Michael Beeson (Sep 05 2020 at 16:18):
Someone told me once about a command to see what axioms have been used in a file. What was that again?
I've used ifinish many times to polish off the last few steps. Now my whole development might not be intuitionistically correct??

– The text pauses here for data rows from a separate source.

lemma orthonormal_weighted_expansion_bounds:
  fixes B :: "'a::real_inner set" and g :: 'a
  assumes fin: "finite B" and onB: "orthonormal B" and spB: "span B = UNIV"
    and m: "0 < m" and \<mu>: "\<And>u. u \<in> B \<Longrightarrow> m \<le> \<mu> u \<and> \<mu> u \<le> M"
  defines "w \<equiv> \<Sum>u\<in>B. ((g \<bullet> u) / \<mu> u) *\<^sub>R u"
  shows "norm g / M \<le> norm w" and "norm w \<le> norm g / m"
    and "norm g ^ 2 / M \<le> w \<bullet> g" and "w \<bullet> g \<le> norm g ^ 2 / m"
    and "m * norm w ^ 2 \<le> w \<bullet> g" and "w \<bullet> g \<le> M * norm w ^ 2"
proof -
  define a where "a u = (g \<bullet> u)\<^sup>2" for u
  have g_eq: "(\<Sum>u\<in>B. (g \<bullet> u) *\<^sub>R u) = g"
    using orthonormal_basis_expansion[OF fin onB spB] by simp
  have gg: "norm g ^ 2 = (\<Sum>u\<in>B. a u)"
    using inner_sum_sum_orthonormal[OF fin onB, of "\<lambda>u. g \<bullet> u" "\<lambda>u. g \<bullet> u"]
    by (simp add: g_eq a_def dot_square_norm power2_eq_square)
  have ww: "norm w ^ 2 = (\<Sum>u\<in>B. a u / (\<mu> u)\<^sup>2)"
    using inner_sum_sum_orthonormal[OF fin onB, of "\<lambda>u. (g \<bullet> u) / \<mu> u" "\<lambda>u. (g \<bullet> u) / \<mu> u"]
    by (simp add: w_def a_def dot_square_norm power2_eq_square)
  have wg: "w \<bullet> g = (\<Sum>u\<in>B. a u / \<mu> u)"
    using inner_sum_sum_orthonormal[OF fin onB, of "\<lambda>u. (g \<bullet> u) / \<mu> u" "\<lambda>u. g \<bullet> u"]
    by (simp add: w_def a_def g_eq power2_eq_square)
  have termwise: "a u / M\<^sup>2 \<le> a u / (\<mu> u)\<^sup>2" "a u / (\<mu> u)\<^sup>2 \<le> a u / m\<^sup>2"
    "a u / M \<le> a u / \<mu> u" "a u / \<mu> u \<le> a u / m"
    "m * (a u / (\<mu> u)\<^sup>2) \<le> a u / \<mu> u" "a u / \<mu> u \<le> M * (a u / (\<mu> u)\<^sup>2)"
    if "u \<in> B" for u
  proof -
    have a: "0 \<le> a u" and \<mu>u: "m \<le> \<mu> u" "\<mu> u \<le> M" and \<mu>0: "0 < \<mu> u"
      using \<mu>[OF that] m by (auto simp: a_def)
    show "a u / M\<^sup>2 \<le> a u / (\<mu> u)\<^sup>2" "a u / (\<mu> u)\<^sup>2 \<le> a u / m\<^sup>2"
      using a \<mu>u \<mu>0 m by (intro divide_left_mono power_mono; simp)+
    show "a u / M \<le> a u / \<mu> u" "a u / \<mu> u \<le> a u / m"
      using a \<mu>u \<mu>0 m by (intro divide_left_mono; simp)+
    have "m * (a u / (\<mu> u)\<^sup>2) = (m / \<mu> u) * (a u / \<mu> u)"
      by (simp add: power2_eq_square)
    also have "\<dots> \<le> a u / \<mu> u"
      using a \<mu>u \<mu>0 m by (intro mult_left_le_one_le) auto
    finally show "m * (a u / (\<mu> u)\<^sup>2) \<le> a u / \<mu> u" .
    have "a u / \<mu> u \<le> (M / \<mu> u) * (a u / \<mu> u)"
      using mult_right_mono[of 1 "M / \<mu> u" "a u / \<mu> u"] a \<mu>u \<mu>0 by simp
    also have "\<dots> = M * (a u / (\<mu> u)\<^sup>2)"
      by (simp add: power2_eq_square)
    finally show "a u / \<mu> u \<le> M * (a u / (\<mu> u)\<^sup>2)" .
  qed
  have sq: "norm g ^ 2 / M\<^sup>2 \<le> norm w ^ 2" "norm w ^ 2 \<le> norm g ^ 2 / m\<^sup>2"
    unfolding gg ww sum_divide_distrib by (intro sum_mono termwise; assumption)+
  show "norm g ^ 2 / M \<le> w \<bullet> g" "w \<bullet> g \<le> norm g ^ 2 / m"
    unfolding gg wg sum_divide_distrib by (intro sum_mono termwise; assumption)+
  show "m * norm w ^ 2 \<le> w \<bullet> g" "w \<bullet> g \<le> M * norm w ^ 2"
    unfolding ww wg sum_distrib_left by (intro sum_mono termwise; assumption)+
  have "(norm g / M)\<^sup>2 \<le> (norm w)\<^sup>2"
    using sq(1) by (simp add: power_divide)
  then show "norm g / M \<le> norm w"
    by (rule power2_le_imp_le) simp
  have "(norm w)\<^sup>2 \<le> (norm g / m)\<^sup>2"
    using sq(2) by (simp add: power_divide)
  then show "norm w \<le> norm g / m"
    by (rule power2_le_imp_le) (use m in simp)
qed

lemma pr_pos_minus_pr_neg_inverse_expansion:
  fixes A :: "real^'n^'n" and g :: "real^'n"
  assumes symA: "transpose A = A" and B: "orthonormal_eigenbasis A B"
    and nonsing: "0 \<notin> mat_eigenvalues A"
  defines "v \<equiv> matrix_inv A *v g"
  shows "pr_pos A v - pr_neg A v = (\<Sum>u\<in>B. ((g \<bullet> u) / \<bar>u \<bullet> (A *v u)\<bar>) *\<^sub>R u)"
proof -
  have ev: "\<forall>u\<in>B. A *v u = (u \<bullet> (A *v u)) *\<^sub>R u"
    using B unfolding orthonormal_eigenbasis_def by auto
  have nz: "u \<bullet> (A *v u) \<noteq> 0" if "u \<in> B" for u
    using nonsing that unfolding mat_eigenvalues_eq_image[OF symA B] by auto
  have Av: "A *v v = g"
    unfolding v_def by (rule matrix_vector_mult_matrix_inv[OF invertible_if_0_notin_mat_eigenvalues[OF nonsing]])
  have vu: "v \<bullet> u = (g \<bullet> u) / (u \<bullet> (A *v u))" if "u \<in> B" for u
  proof -
    have "g \<bullet> u = (u \<bullet> (A *v u)) * (v \<bullet> u)"
      using inner_matrix_vector_symmetric[OF symA, of v u] Av ev that
      by (metis inner_scaleR_right)
    then show ?thesis
      using nz[OF that] by (simp add: field_simps)
  qed
  have "pr_pos A v - pr_neg A v = (\<Sum>u\<in>B.
      ((if 0 < u \<bullet> (A *v u) then v \<bullet> u else 0) - (if u \<bullet> (A *v u) < 0 then v \<bullet> u else 0)) *\<^sub>R u)"
    unfolding pr_pos_def pr_neg_def
      orth_proj_eigenvectors[OF symA B, of "\<lambda>l. 0 < l", simplified]
      orth_proj_eigenvectors[OF symA B, of "\<lambda>l. l < 0", simplified]
    by (simp add: sum_subtractf scaleR_diff_left)
  also have "\<dots> = (\<Sum>u\<in>B. ((g \<bullet> u) / \<bar>u \<bullet> (A *v u)\<bar>) *\<^sub>R u)"
    using nz by (intro sum.cong) (auto simp: vu abs_if)
  finally show ?thesis .
qed

lemma symmetric_pr_pos_minus_pr_neg_bounds:
  fixes A :: "real^'n^'n" and g :: "real^'n"
  assumes symA: "transpose A = A" and pos: "minsp A > 0"
  defines "w \<equiv> pr_pos A (matrix_inv A *v g) - pr_neg A (matrix_inv A *v g)"
  shows "norm g / sp A \<le> norm w" and "norm w \<le> norm g / minsp A"
    and "norm g ^ 2 / sp A \<le> w \<bullet> g" and "w \<bullet> g \<le> norm g ^ 2 / minsp A"
    and "minsp A * norm w ^ 2 \<le> w \<bullet> g" and "w \<bullet> g \<le> sp A * norm w ^ 2"
proof -
  obtain B where B: "orthonormal_eigenbasis A B"
    using symmetric_matrix_orthonormal_eigenbasis[OF symA] by blast
  then have fin: "finite B" and onB: "orthonormal B" and spB: "span B = UNIV"
    unfolding orthonormal_eigenbasis_def by auto
  have "0 \<notin> mat_eigenvalues A"
    using symmetric_minsp_le_abs_eigenvalue[OF symA] pos by fastforce
  then have w: "w = (\<Sum>u\<in>B. ((g \<bullet> u) / \<bar>u \<bullet> (A *v u)\<bar>) *\<^sub>R u)"
    unfolding w_def by (rule pr_pos_minus_pr_neg_inverse_expansion[OF symA B])
  have "minsp A \<le> \<bar>u \<bullet> (A *v u)\<bar> \<and> \<bar>u \<bullet> (A *v u)\<bar> \<le> sp A" if "u \<in> B" for u
    using symmetric_minsp_le_abs_eigenvalue[OF symA] that
    unfolding mat_eigenvalues_eq_image[OF symA B] by blast
  from orthonormal_weighted_expansion_bounds[where \<mu> = "\<lambda>u. \<bar>u \<bullet> (A *v u)\<bar>" and g = g,
      OF fin onB spB pos this, folded w]
  show "norm g / sp A \<le> norm w" "norm w \<le> norm g / minsp A"
    "norm g ^ 2 / sp A \<le> w \<bullet> g" "w \<bullet> g \<le> norm g ^ 2 / minsp A"
    "minsp A * norm w ^ 2 \<le> w \<bullet> g" "w \<bullet> g \<le> sp A * norm w ^ 2"
    by auto
qed

lemma two_kappa_le:
  assumes "i \<le> m" "j \<le> m" "i \<noteq> j"
  shows "2 * kappa \<delta> m \<le> \<bar>\<delta> i - \<delta> j\<bar>"
proof -
  have "{\<bar>\<delta> i - \<delta> j\<bar> | i j. i \<le> m \<and> j \<le> m \<and> i \<noteq> j} \<subseteq> (\<lambda>(i, j). \<bar>\<delta> i - \<delta> j\<bar>) ` ({..m} \<times> {..m})"
    by force
  then have "finite {\<bar>\<delta> i - \<delta> j\<bar> | i j. i \<le> m \<and> j \<le> m \<and> i \<noteq> j}"
    by (rule finite_subset) simp
  then show ?thesis
    unfolding kappa_def using assms by (auto intro: Min_le)
qed

lemma kappa_pos:
  assumes "1 \<le> m" and "inj_on \<delta> {0..m}"
  shows "kappa \<delta> m > 0"
proof -
  let ?D = "{\<bar>\<delta> i - \<delta> j\<bar> | i j. i \<le> m \<and> j \<le> m \<and> i \<noteq> j}"
  have "finite ?D"
    by (rule finite_subset[of _ "(\<lambda>(i, j). \<bar>\<delta> i - \<delta> j\<bar>) ` ({..m} \<times> {..m})"]) force+
  moreover have "\<bar>\<delta> 0 - \<delta> 1\<bar> \<in> ?D"
    using assms(1) by force
  moreover have "\<forall>d\<in>?D. d > 0"
    using assms(2) by (auto simp: inj_on_def)
  ultimately have "Min ?D > 0"
    by (subst Min_gr_iff) auto
  then show ?thesis
    unfolding kappa_def by simp
qed
(* Let $\mathcal P$ be a finite subset of $\mathcal W$ and let $P(1),P(2),P(3),\ldots$ be a sequence of matrices from $\mathcal P$. Suppose $j_1<j_2<\cdots$ is an infinite increasing sequence of indices such that each $P(j_r)$ is a Sarymsakov matrix. If there exists an integer $T$ such that $j_{r+1}-j_r\le T$ for all $r\ge1$, then $P(k)\cdots P(1)$ converges as $k\to\infty$ to a rank-one matrix $\mathbf 1c^T$ with $c_i\ge0$ and $\sum_i c_i=1$.
   Context: Let $\mathcal N=\{1,\ldots,n\}$; all matrices are $n\times n$. A matrix is stochastic if it is entrywise nonnegative with row sums $1$. For stochastic $P$ and $\mathcal A\subseteq\mathcal N$, $F_P(\mathcal A)=\{j:\ p_{ij}>0\text{ for some } i\in\mathcal A\}$. A Sarymsakov matrix is a stochastic $P$ such that for any disjoint nonempty $\mathcal A,\tilde{\mathcal A}\subseteq\mathcal N$, either $F_P(\mathcal A)\cap F_P(\tilde{\mathcal A})\neq\emptyset$, or $F_P(\mathcal A)\cap F_P(\tilde{\mathcal A})=\emptyset$ and $|F_P(\mathcal A)\cup F_P(\tilde{\mathcal A})|>|\mathcal A\cup\tilde{\mathcal A}|$. $\mathcal W$ is the set of stochastic $P$ such that for any disjoint nonempty $\mathcal A,\tilde{\mathcal A}\subseteq\mathcal N$, either $F_P(\mathcal A)\cap F_P(\tilde{\mathcal A})\neq\emptyset$, or $F_P(\mathcal A)\cap F_P(\tilde{\mathcal A})=\emptyset$ and $|F_P(\mathcal A)\cup F_P(\tilde{\mathcal A})|\ge|\mathcal A\cup\tilde{\mathcal A}|$. $\mathbf 1$ is the all-ones column vector. *)

theory Defs
  imports "HOL-Analysis.Analysis"
begin

definition stochastic :: "real^'n^'n \<Rightarrow> bool" where
  "stochastic P \<longleftrightarrow> (\<forall>i j. P $ i $ j \<ge> 0) \<and> (\<forall>i. (\<Sum>j\<in>UNIV. P $ i $ j) = 1)"

definition succ_set :: "real^'n^'n \<Rightarrow> 'n set \<Rightarrow> 'n set" where
  "succ_set P A = {j. \<exists>i\<in>A. P $ i $ j > 0}"

definition sarymsakov :: "real^'n^'n \<Rightarrow> bool" where
  "sarymsakov P \<longleftrightarrow> stochastic P \<and>
     (\<forall>A B. A \<noteq> {} \<and> B \<noteq> {} \<and> A \<inter> B = {} \<longrightarrow>
        succ_set P A \<inter> succ_set P B \<noteq> {} \<or>
        (succ_set P A \<inter> succ_set P B = {} \<and>
         card (succ_set P A \<union> succ_set P B) > card (A \<union> B)))"

definition classW :: "(real^'n^'n) set" where
  "classW = {P. stochastic P \<and>
     (\<forall>A B. A \<noteq> {} \<and> B \<noteq> {} \<and> A \<inter> B = {} \<longrightarrow>
        succ_set P A \<inter> succ_set P B \<noteq> {} \<or>
        (succ_set P A \<inter> succ_set P B = {} \<and>
         card (succ_set P A \<union> succ_set P B) \<ge> card (A \<union> B)))}"

fun lprod :: "(nat \<Rightarrow> real^'n^'n) \<Rightarrow> nat \<Rightarrow> real^'n^'n" where
  "lprod P 0 = mat 1"
| "lprod P (Suc k) = P (Suc k) ** lprod P k"

end

theory Submission
  imports Defs
begin

(* Read the defining conditions of W and of Sarymsakov matrices quantitatively: X expands by t
   if, whenever two disjoint nonempty index sets have disjoint successor sets, these successor
   sets together have at least t more elements.  Matrices in W expand by 0, Sarymsakov matrices
   by 1, and the amounts add up under products.  A product containing n = CARD('n) Sarymsakov
   factors therefore expands by n, which forces any two of its rows to share a positive column.
   Cut the factors into consecutive blocks containing n Sarymsakov factors each; such a block has
   length at most n T, so with mu the least positive entry occurring in the finite set of
   factors, the shared entries are at least eta = mu ^ (n T).  Multiplication by a stochastic
   matrix never increases the spread max - min of a vector, and by such a block it shrinks the
   spread by the factor 1 - eta.  Hence every column of P(k) ... P(1) tends to a constant vector,
   and the limit is 1 c^T with c a probability vector. *)

lemma stochastic_nonneg: "stochastic X \<Longrightarrow> 0 \<le> X $ i $ j"
  by (simp add: stochastic_def)

lemma stochastic_row_sum: "stochastic X \<Longrightarrow> (\<Sum>j\<in>UNIV. X $ i $ j) = 1"
  by (simp add: stochastic_def)

lemma stochastic_entry_le_1:
  assumes "stochastic X"
  shows "X $ i $ j \<le> 1"
proof -
  have "X $ i $ j \<le> (\<Sum>j\<in>UNIV. X $ i $ j)"
    by (rule member_le_sum) (auto simp: stochastic_nonneg[OF assms])
  with stochastic_row_sum[OF assms] show ?thesis by simp
qed

lemma stochastic_mat1: "stochastic (mat 1)"
  by (simp add: stochastic_def mat_def)

lemma stochastic_mult:
  assumes "stochastic X" "stochastic Y"
  shows "stochastic (X ** Y)"
proof -
  have "(\<Sum>k\<in>UNIV. (X ** Y) $ i $ k) = (\<Sum>m\<in>UNIV. X $ i $ m * (\<Sum>k\<in>UNIV. Y $ m $ k))" for i
    unfolding matrix_matrix_mult_def by (simp add: sum_distrib_left) (rule sum.swap)
  with assms show ?thesis
    by (auto simp: stochastic_def matrix_matrix_mult_def intro!: sum_nonneg)
qed

lemma stochastic_mult_pos_iff:
  assumes "stochastic X" "stochastic Y"
  shows "0 < (X ** Y) $ i $ k \<longleftrightarrow> (\<exists>m. 0 < X $ i $ m \<and> 0 < Y $ m $ k)"
proof -
  have nonneg: "0 \<le> X $ i $ m * Y $ m $ k" for m
    using assms by (simp add: stochastic_nonneg)
  have "0 < (X ** Y) $ i $ k \<longleftrightarrow> (\<exists>m. X $ i $ m * Y $ m $ k \<noteq> 0)"
    using sum_nonneg_eq_0_iff[of UNIV "\<lambda>m. X $ i $ m * Y $ m $ k"]
      sum_nonneg[of UNIV "\<lambda>m. X $ i $ m * Y $ m $ k"]
    by (auto simp: matrix_matrix_mult_def nonneg order_less_le)
  also have "\<dots> \<longleftrightarrow> (\<exists>m. 0 < X $ i $ m \<and> 0 < Y $ m $ k)"
    using assms by (auto simp: order_less_le stochastic_nonneg)
  finally show ?thesis .
qed

lemma succ_set_mult:
  assumes "stochastic X" "stochastic Y"
  shows "succ_set (X ** Y) A = succ_set Y (succ_set X A)"
  by (auto simp: succ_set_def stochastic_mult_pos_iff[OF assms])

lemma succ_set_nonempty:
  assumes "stochastic X" "A \<noteq> {}"
  shows "succ_set X A \<noteq> {}"
proof -
  obtain i where "i \<in> A" using assms(2) by blast
  have "\<exists>k. 0 < X $ i $ k"
    using stochastic_row_sum[OF assms(1), of i] stochastic_nonneg[OF assms(1), of i]
      sum_nonneg_eq_0_iff[of UNIV "\<lambda>k. X $ i $ k"] by (force simp: order_less_le)
  with \<open>i \<in> A\<close> show ?thesis by (auto simp: succ_set_def)
qed

lemma succ_set_mono: "A \<subseteq> B \<Longrightarrow> succ_set X A \<subseteq> succ_set X B"
  by (auto simp: succ_set_def)

lemma lprod_stochastic: "(\<And>k. k \<in> {1..d} \<Longrightarrow> stochastic (P k)) \<Longrightarrow> stochastic (lprod P d)"
  by (induction d) (auto simp: stochastic_mat1 intro!: stochastic_mult)

lemma lprod_add: "lprod P (a + d) = lprod (\<lambda>k. P (a + k)) d ** lprod P a"
  by (induction d) (simp_all add: matrix_mul_assoc)

definition expands_by :: "real^'n^'n \<Rightarrow> nat \<Rightarrow> bool" where
  "expands_by X t \<longleftrightarrow> stochastic X \<and>
     (\<forall>A B. A \<noteq> {} \<and> B \<noteq> {} \<and> A \<inter> B = {} \<and> succ_set X A \<inter> succ_set X B = {} \<longrightarrow>
        card (A \<union> B) + t \<le> card (succ_set X A \<union> succ_set X B))"

lemma classW_expands_by_0: "X \<in> classW \<Longrightarrow> expands_by X 0"
  unfolding expands_by_def classW_def by auto

lemma sarymsakov_expands_by_1: "sarymsakov X \<Longrightarrow> expands_by X 1"
  unfolding expands_by_def sarymsakov_def by (metis Suc_eq_plus1 Suc_leI)

lemma expands_by_mat1: "expands_by (mat 1 :: real^'n^'n) 0"
proof -
  have "succ_set (mat 1) A = A" for A :: "'n::finite set"
    by (auto simp: succ_set_def mat_def)
  then show ?thesis by (simp add: expands_by_def stochastic_mat1)
qed

lemma expands_by_mult:
  assumes "expands_by X s" "expands_by Y t"
  shows "expands_by (X ** Y) (s + t)"
  unfolding expands_by_def
proof (intro conjI allI impI)
  have X: "stochastic X" and Y: "stochastic Y" using assms by (auto simp: expands_by_def)
  show "stochastic (X ** Y)" using X Y by (rule stochastic_mult)
  fix A B
  assume AB: "A \<noteq> {} \<and> B \<noteq> {} \<and> A \<inter> B = {} \<and> succ_set (X ** Y) A \<inter> succ_set (X ** Y) B = {}"
  let ?A = "succ_set X A" and ?B = "succ_set X B"
  have disjoint_YAB: "succ_set Y ?A \<inter> succ_set Y ?B = {}"
    using AB by (simp add: succ_set_mult[OF X Y])
  have nonempty: "?A \<noteq> {}" "?B \<noteq> {}" using AB succ_set_nonempty[OF X] by auto
  have disjoint_AB: "?A \<inter> ?B = {}"
  proof (rule ccontr)
    assume "?A \<inter> ?B \<noteq> {}"
    then obtain k where "k \<in> ?A" "k \<in> ?B" by blast
    then have "succ_set Y {k} \<subseteq> succ_set Y ?A \<inter> succ_set Y ?B"
      by (auto intro!: succ_set_mono)
    with disjoint_YAB succ_set_nonempty[OF Y] show False by blast
  qed
  have "card (A \<union> B) + s \<le> card (?A \<union> ?B)"
    using assms(1) AB disjoint_AB unfolding expands_by_def by blast
  moreover have "card (?A \<union> ?B) + t \<le> card (succ_set Y ?A \<union> succ_set Y ?B)"
    using assms(2) nonempty disjoint_AB disjoint_YAB unfolding expands_by_def by blast
  ultimately show "card (A \<union> B) + (s + t) \<le> card (succ_set (X ** Y) A \<union> succ_set (X ** Y) B)"
    by (simp add: succ_set_mult[OF X Y])
qed

lemma expands_by_common_successor:
  assumes "expands_by (X :: real^'n^'n) t" "CARD('n) \<le> t"
  shows "\<exists>k. 0 < X $ i $ k \<and> 0 < X $ i' $ k"
proof (rule ccontr)
  assume no_common: "\<not> ?thesis"
  have X: "stochastic X" using assms(1) by (simp add: expands_by_def)
  have "i \<noteq> i'"
    using no_common succ_set_nonempty[OF X, of "{i}"] by (auto simp: succ_set_def)
  moreover have "succ_set X {i} \<inter> succ_set X {i'} = {}"
    using no_common by (auto simp: succ_set_def)
  ultimately have "card ({i} \<union> {i'}) + t \<le> card (succ_set X {i} \<union> succ_set X {i'})"
    using assms(1) unfolding expands_by_def by blast
  moreover have "card (succ_set X {i} \<union> succ_set X {i'}) \<le> CARD('n)"
    by (rule card_mono) auto
  ultimately show False using \<open>i \<noteq> i'\<close> assms(2) by simp
qed

lemma lprod_expands_by:
  assumes "\<And>k. k \<in> {1..d} \<Longrightarrow> Q k \<in> classW"
  shows "expands_by (lprod Q d) (card {k \<in> {1..d}. sarymsakov (Q k)})"
  using assms
proof (induction d)
  case 0
  then show ?case by (simp add: expands_by_mat1)
next
  case (Suc d)
  let ?S = "\<lambda>d. {k \<in> {1..d}. sarymsakov (Q k)}"
  let ?s = "if sarymsakov (Q (Suc d)) then 1 else 0"
  have "?S (Suc d) = (if sarymsakov (Q (Suc d)) then insert (Suc d) (?S d) else ?S d)"
    by (auto simp: le_Suc_eq)
  then have count: "card (?S (Suc d)) = ?s + card (?S d)"
    by simp
  have "expands_by (Q (Suc d)) ?s"
    using Suc.prems[of "Suc d"] sarymsakov_expands_by_1 classW_expands_by_0 by auto
  from expands_by_mult[OF this Suc.IH] Suc.prems show ?case
    unfolding count by simp
qed

lemma lprod_entry_ge_power:
  assumes "\<And>k. k \<in> {1..d} \<Longrightarrow> stochastic (Q k)"
    and "\<And>k i j. k \<in> {1..d} \<Longrightarrow> 0 < Q k $ i $ j \<Longrightarrow> \<mu> \<le> Q k $ i $ j"
    and "0 \<le> \<mu>" and "0 < lprod Q d $ i $ j"
  shows "\<mu> ^ d \<le> lprod Q d $ i $ j"
  using assms(1,2,4)
proof (induction d arbitrary: i j)
  case 0
  then show ?case by (simp add: mat_def split: if_splits)
next
  case (Suc d)
  have Q: "stochastic (Q (Suc d))" and L: "stochastic (lprod Q d)"
    using Suc.prems(1) by (auto intro!: lprod_stochastic)
  obtain m where m: "0 < Q (Suc d) $ i $ m" "0 < lprod Q d $ m $ j"
    using Suc.prems(3) stochastic_mult_pos_iff[OF Q L] by auto
  have "\<mu> * \<mu> ^ d \<le> Q (Suc d) $ i $ m * lprod Q d $ m $ j"
    using Suc m assms(3) by (intro mult_mono) (auto simp: less_imp_le)
  also have "\<dots> \<le> (Q (Suc d) ** lprod Q d) $ i $ j"
    unfolding matrix_matrix_mult_def
    using Q L by (auto intro!: member_le_sum simp: stochastic_nonneg)
  finally show ?case by simp
qed

definition scrambling :: "real \<Rightarrow> real^'n^'n \<Rightarrow> bool" where
  "scrambling \<eta> X \<longleftrightarrow> (\<forall>i i'. \<exists>k. \<eta> \<le> X $ i $ k \<and> \<eta> \<le> X $ i' $ k)"

lemma scrambling_antimono: "scrambling \<eta> X \<Longrightarrow> \<eta>' \<le> \<eta> \<Longrightarrow> scrambling \<eta>' X"
  unfolding scrambling_def by (meson order_trans)

lemma scrambling_le_1: "scrambling \<eta> X \<Longrightarrow> stochastic X \<Longrightarrow> \<eta> \<le> 1"
  unfolding scrambling_def by (meson order_trans stochastic_entry_le_1)

lemma lprod_scrambling:
  assumes "\<And>k. k \<in> {1..d} \<Longrightarrow> Q k \<in> classW"
    and "\<And>k i j. k \<in> {1..d} \<Longrightarrow> 0 < Q k $ i $ j \<Longrightarrow> \<mu> \<le> Q k $ i $ j"
    and "0 \<le> \<mu>" and "CARD('n) \<le> card {k \<in> {1..d}. sarymsakov (Q k)}"
  shows "scrambling (\<mu> ^ d) (lprod Q d :: real^'n^'n)"
  unfolding scrambling_def
proof (intro allI)
  fix i i'
  have "\<And>k. k \<in> {1..d} \<Longrightarrow> stochastic (Q k)"
    using assms(1) by (simp add: classW_def)
  moreover obtain k where "0 < lprod Q d $ i $ k" "0 < lprod Q d $ i' $ k"
    using expands_by_common_successor[OF lprod_expands_by[OF assms(1)] assms(4)] by blast
  ultimately show "\<exists>k. \<mu> ^ d \<le> lprod Q d $ i $ k \<and> \<mu> ^ d \<le> lprod Q d $ i' $ k"
    using lprod_entry_ge_power[of d Q \<mu>] assms(2,3) by blast
qed

definition vmax :: "real^'n \<Rightarrow> real" where
  "vmax y = Max (range (($) y))"

definition vmin :: "real^'n \<Rightarrow> real" where
  "vmin y = Min (range (($) y))"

Rob Lewis (Sep 05 2020 at 16:18):
See the top of that file.
The variants `ifinish`, `iclarify`, and `isafe` try to restrict to intuitionistic logic. But the
`done` tactic leaks classical logic:
```lean
example {P : Prop} : ¬¬P → P :=
by using_smt (do smt_tactic.intros, smt_tactic.close)
```
They also do not work well with the current heuristic instantiation method used by `ematch`.
So they are left here mainly for reference.
Johan Commelin (Sep 05 2020 at 16:18):
#print my_lemma
Michael Beeson (Sep 05 2020 at 16:20):
So "try to" means "do not".
Alex J. Best (Sep 05 2020 at 16:23):
It means "does not always", you can always #print axioms my_classical_lemma_name to check if it did anything non-classical though.
Reid Barton (Sep 05 2020 at 16:24):
There has to be a joke involving "do or do not" and classical logic in here somewhere
Michael Beeson (Sep 05 2020 at 16:24):
How can I use #print axioms on my whole file at once to check if it is really intuitionistically correct?
Alex J. Best (Sep 05 2020 at 16:25):
(deleted)
Michael Beeson (Sep 05 2020 at 16:26):
And why should I (not to mention the referee of my journal article) believe that #print axioms is telling the truth about that?
Rob Lewis (Sep 05 2020 at 16:26):
AFAIK there's no per-file way to check, just per-declaration.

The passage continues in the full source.